In 1591, Anne Hutchinson was born in Alford, Lincolnshire, England to her parents Bridget Dryden and Francis Marbury. Growing up, she was well educated at home and developed a strong interest in theology due to the influence of her father who was an Anglican deacon. When Anne grew older, she married William Hutchinson. The couple began to follow a Puritan preacher named John Cotton, and when he decided to move in 1633, the Hutchinson family followed along a year later to the Massachusetts Bay Colony. When Anne arrived, her family joined Cotton's Boston Church. In the new world, Anne was a midwife, meaning she gave assistance to women during pregnancy. Anne was perfect for the job because of her attentiveness and because she had 13 children. While doing her job, she expressed her religious beliefs and began to attract audiences to hear her philosophies.
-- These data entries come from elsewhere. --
definition optimal :: "nat \<Rightarrow> (nat \<Rightarrow> nat) \<Rightarrow> (nat \<Rightarrow> nat) \<Rightarrow> int \<Rightarrow> int \<Rightarrow> int \<Rightarrow> rat \<Rightarrow> (nat \<Rightarrow> real) \<Rightarrow> bool" where
  "optimal n p w T1 T2 k \<mu> S \<longleftrightarrow> feasible n p T1 T2 k S \<and>
     (\<forall>S'. feasible n p T1 T2 k S' \<longrightarrow> cost n p w \<mu> S \<le> cost n p w \<mu> S')"

definition earlier :: "nat \<Rightarrow> (nat \<Rightarrow> nat) \<Rightarrow> int \<Rightarrow> (nat \<Rightarrow> real) \<Rightarrow> nat set" where
  "earlier n p T1 S = {j\<in>{1..n}. Cs p S j \<le> real_of_int T1}"

definition later :: "nat \<Rightarrow> (nat \<Rightarrow> nat) \<Rightarrow> int \<Rightarrow> (nat \<Rightarrow> real) \<Rightarrow> nat set" where
  "later n p T2 S = {j\<in>{1..n}. Cs p S j > real_of_int T2}"

definition free_int :: "nat set \<Rightarrow> (nat \<Rightarrow> nat) \<Rightarrow> (nat \<Rightarrow> real) \<Rightarrow> real \<Rightarrow> real \<Rightarrow> bool" where
  "free_int E p S a b \<longleftrightarrow> (\<forall>j\<in>E. Cs p S j \<le> a \<or> b \<le> S j)"

definition idle_period :: "nat set \<Rightarrow> (nat \<Rightarrow> nat) \<Rightarrow> (nat \<Rightarrow> real) \<Rightarrow> real \<Rightarrow> real \<Rightarrow> bool" where
  "idle_period E p S a b \<longleftrightarrow> E \<noteq> {} \<and> a < b \<and> 0 \<le> a \<and> b \<le> Max (Cs p S ` E) \<and>
     free_int E p S a b \<and>
     (\<forall>a' b'. a' \<le> a \<and> b \<le> b' \<and> 0 \<le> a' \<and> b' \<le> Max (Cs p S ` E) \<and> free_int E p S a' b'
        \<longrightarrow> a' = a \<and> b' = b)"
At her meetings, she would discuss Cotton's sermons and explain her interpretation, but some found her unorthodox. In 1936, Hutchinson's brother-in-law, John Wheelwright, moved to Boston and became an ally of Anne. Anne believed in the philosophy of antinomianism which means if you were God's elect then moral law did not apply, allowing one to engage in immoral acts. Because of this controversy, a SYNOD was held to investigate Cotton Hutchinson, and Wheelwright. Anne and her brother-in-law were banished and she fled to Aquidneck in Narragansett Bay. Anne and her family later moved to New York, but they were killed in an Indian raid in 1643.